● YOUR ASSIGNMENT: Two lines mark the range in the entries below: the one holding "h = l2('a), H" and the one holding "(\<forall>f\<in>l2. \<forall>g\<in>l2. A". Set down those two and all lines between them, exactly.
________
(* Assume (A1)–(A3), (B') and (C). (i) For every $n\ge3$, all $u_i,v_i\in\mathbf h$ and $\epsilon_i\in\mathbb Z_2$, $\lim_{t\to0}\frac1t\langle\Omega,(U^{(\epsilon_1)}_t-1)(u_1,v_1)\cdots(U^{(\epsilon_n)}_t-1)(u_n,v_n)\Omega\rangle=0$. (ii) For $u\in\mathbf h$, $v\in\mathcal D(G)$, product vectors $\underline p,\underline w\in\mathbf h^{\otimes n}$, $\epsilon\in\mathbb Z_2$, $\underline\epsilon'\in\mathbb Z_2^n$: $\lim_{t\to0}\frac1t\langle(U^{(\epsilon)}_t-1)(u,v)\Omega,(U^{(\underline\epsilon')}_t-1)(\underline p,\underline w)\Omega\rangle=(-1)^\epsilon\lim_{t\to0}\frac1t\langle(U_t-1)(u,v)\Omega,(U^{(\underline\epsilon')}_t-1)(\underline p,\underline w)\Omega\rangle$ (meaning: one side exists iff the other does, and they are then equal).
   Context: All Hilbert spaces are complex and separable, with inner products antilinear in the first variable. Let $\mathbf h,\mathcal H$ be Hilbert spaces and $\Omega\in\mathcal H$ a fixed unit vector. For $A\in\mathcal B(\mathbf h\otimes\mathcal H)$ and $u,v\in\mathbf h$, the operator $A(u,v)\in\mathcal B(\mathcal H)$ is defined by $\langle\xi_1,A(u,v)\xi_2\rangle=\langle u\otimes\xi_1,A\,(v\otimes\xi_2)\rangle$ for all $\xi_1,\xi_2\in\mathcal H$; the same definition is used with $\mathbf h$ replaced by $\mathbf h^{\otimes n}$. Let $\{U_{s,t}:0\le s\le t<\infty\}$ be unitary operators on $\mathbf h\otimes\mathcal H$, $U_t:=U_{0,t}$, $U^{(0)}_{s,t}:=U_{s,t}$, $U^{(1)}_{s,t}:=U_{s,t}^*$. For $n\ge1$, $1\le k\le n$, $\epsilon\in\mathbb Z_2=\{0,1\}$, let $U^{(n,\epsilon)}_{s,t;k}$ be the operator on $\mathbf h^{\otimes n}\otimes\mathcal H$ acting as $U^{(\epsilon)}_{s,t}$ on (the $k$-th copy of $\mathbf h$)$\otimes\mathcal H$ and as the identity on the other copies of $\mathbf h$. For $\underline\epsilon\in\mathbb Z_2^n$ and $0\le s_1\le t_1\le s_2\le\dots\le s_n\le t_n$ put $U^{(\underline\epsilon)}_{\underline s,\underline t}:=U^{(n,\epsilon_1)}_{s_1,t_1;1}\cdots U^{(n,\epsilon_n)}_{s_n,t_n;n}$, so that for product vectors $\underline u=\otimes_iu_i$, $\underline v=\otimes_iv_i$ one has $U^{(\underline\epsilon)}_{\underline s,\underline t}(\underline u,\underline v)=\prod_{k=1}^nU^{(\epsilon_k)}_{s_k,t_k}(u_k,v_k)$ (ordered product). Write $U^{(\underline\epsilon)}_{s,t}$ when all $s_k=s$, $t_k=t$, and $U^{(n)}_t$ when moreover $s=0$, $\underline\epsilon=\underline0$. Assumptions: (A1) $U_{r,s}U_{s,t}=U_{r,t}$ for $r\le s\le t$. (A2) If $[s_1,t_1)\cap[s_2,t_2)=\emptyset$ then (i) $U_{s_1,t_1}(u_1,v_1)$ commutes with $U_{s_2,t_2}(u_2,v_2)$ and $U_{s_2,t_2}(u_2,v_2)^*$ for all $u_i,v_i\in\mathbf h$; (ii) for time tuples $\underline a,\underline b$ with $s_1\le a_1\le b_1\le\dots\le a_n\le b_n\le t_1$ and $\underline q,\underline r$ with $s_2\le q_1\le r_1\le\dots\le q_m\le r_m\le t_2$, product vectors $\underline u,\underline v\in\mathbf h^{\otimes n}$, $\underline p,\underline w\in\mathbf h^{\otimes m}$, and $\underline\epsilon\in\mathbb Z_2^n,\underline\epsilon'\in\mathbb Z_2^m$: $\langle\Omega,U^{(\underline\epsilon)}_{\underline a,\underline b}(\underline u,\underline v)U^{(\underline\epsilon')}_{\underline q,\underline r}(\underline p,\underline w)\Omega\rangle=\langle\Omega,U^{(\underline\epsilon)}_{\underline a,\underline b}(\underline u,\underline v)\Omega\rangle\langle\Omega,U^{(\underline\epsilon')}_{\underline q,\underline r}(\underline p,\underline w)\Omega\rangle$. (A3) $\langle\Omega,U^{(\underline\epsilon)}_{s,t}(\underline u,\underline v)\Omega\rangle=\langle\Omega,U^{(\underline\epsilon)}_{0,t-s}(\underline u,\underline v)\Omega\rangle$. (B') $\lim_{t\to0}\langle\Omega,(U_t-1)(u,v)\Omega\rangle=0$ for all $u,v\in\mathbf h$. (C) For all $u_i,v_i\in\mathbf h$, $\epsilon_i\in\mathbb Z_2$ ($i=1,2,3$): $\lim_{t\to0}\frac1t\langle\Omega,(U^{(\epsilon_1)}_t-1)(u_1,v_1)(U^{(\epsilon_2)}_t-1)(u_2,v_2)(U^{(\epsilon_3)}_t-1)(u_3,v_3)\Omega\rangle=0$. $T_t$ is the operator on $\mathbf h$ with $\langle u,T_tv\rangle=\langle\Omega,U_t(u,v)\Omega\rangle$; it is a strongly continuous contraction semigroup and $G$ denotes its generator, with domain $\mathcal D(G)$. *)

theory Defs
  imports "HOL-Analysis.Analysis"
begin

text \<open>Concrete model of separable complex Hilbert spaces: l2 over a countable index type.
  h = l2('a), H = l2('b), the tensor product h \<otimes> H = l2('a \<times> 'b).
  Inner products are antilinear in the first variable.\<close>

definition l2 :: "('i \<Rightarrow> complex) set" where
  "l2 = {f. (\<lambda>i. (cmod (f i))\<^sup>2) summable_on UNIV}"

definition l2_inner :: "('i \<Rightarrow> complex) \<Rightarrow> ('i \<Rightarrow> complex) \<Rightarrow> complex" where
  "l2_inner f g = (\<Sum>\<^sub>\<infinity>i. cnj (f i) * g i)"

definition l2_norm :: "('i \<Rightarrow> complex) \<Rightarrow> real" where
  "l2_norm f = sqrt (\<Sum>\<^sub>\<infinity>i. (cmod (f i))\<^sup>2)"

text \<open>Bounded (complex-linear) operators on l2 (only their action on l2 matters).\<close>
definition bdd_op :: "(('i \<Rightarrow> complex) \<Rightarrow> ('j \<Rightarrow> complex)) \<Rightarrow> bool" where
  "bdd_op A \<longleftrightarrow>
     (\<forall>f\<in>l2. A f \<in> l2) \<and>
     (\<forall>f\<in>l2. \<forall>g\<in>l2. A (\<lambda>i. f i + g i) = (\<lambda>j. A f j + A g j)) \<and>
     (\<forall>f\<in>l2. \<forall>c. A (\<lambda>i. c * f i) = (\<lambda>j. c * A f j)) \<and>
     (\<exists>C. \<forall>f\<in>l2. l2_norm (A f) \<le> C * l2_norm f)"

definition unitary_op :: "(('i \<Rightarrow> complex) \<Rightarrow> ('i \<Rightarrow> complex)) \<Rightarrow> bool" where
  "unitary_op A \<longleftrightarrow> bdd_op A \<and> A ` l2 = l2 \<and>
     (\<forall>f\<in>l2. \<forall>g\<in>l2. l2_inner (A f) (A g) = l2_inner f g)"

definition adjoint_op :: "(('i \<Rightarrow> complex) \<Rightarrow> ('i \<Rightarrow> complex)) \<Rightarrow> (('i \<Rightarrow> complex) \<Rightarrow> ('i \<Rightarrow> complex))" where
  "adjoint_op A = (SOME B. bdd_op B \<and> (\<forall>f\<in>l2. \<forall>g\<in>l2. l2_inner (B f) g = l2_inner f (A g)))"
________
● COMPLETED EXERCISE:
  h = l2('a), H = l2('b), the tensor product h \<otimes> H = l2('a \<times> 'b).
  Inner products are antilinear in the first variable.\<close>

definition l2 :: "('i \<Rightarrow> complex) set" where
  "l2 = {f. (\<lambda>i. (cmod (f i))\<^sup>2) summable_on UNIV}"

definition l2_inner :: "('i \<Rightarrow> complex) \<Rightarrow> ('i \<Rightarrow> complex) \<Rightarrow> complex" where
  "l2_inner f g = (\<Sum>\<^sub>\<infinity>i. cnj (f i) * g i)"

definition l2_norm :: "('i \<Rightarrow> complex) \<Rightarrow> real" where
  "l2_norm f = sqrt (\<Sum>\<^sub>\<infinity>i. (cmod (f i))\<^sup>2)"

text \<open>Bounded (complex-linear) operators on l2 (only their action on l2 matters).\<close>
definition bdd_op :: "(('i \<Rightarrow> complex) \<Rightarrow> ('j \<Rightarrow> complex)) \<Rightarrow> bool" where
  "bdd_op A \<longleftrightarrow>
     (\<forall>f\<in>l2. A f \<in> l2) \<and>
     (\<forall>f\<in>l2. \<forall>g\<in>l2. A (\<lambda>i. f i + g i) = (\<lambda>j. A f j + A g j)) \<and>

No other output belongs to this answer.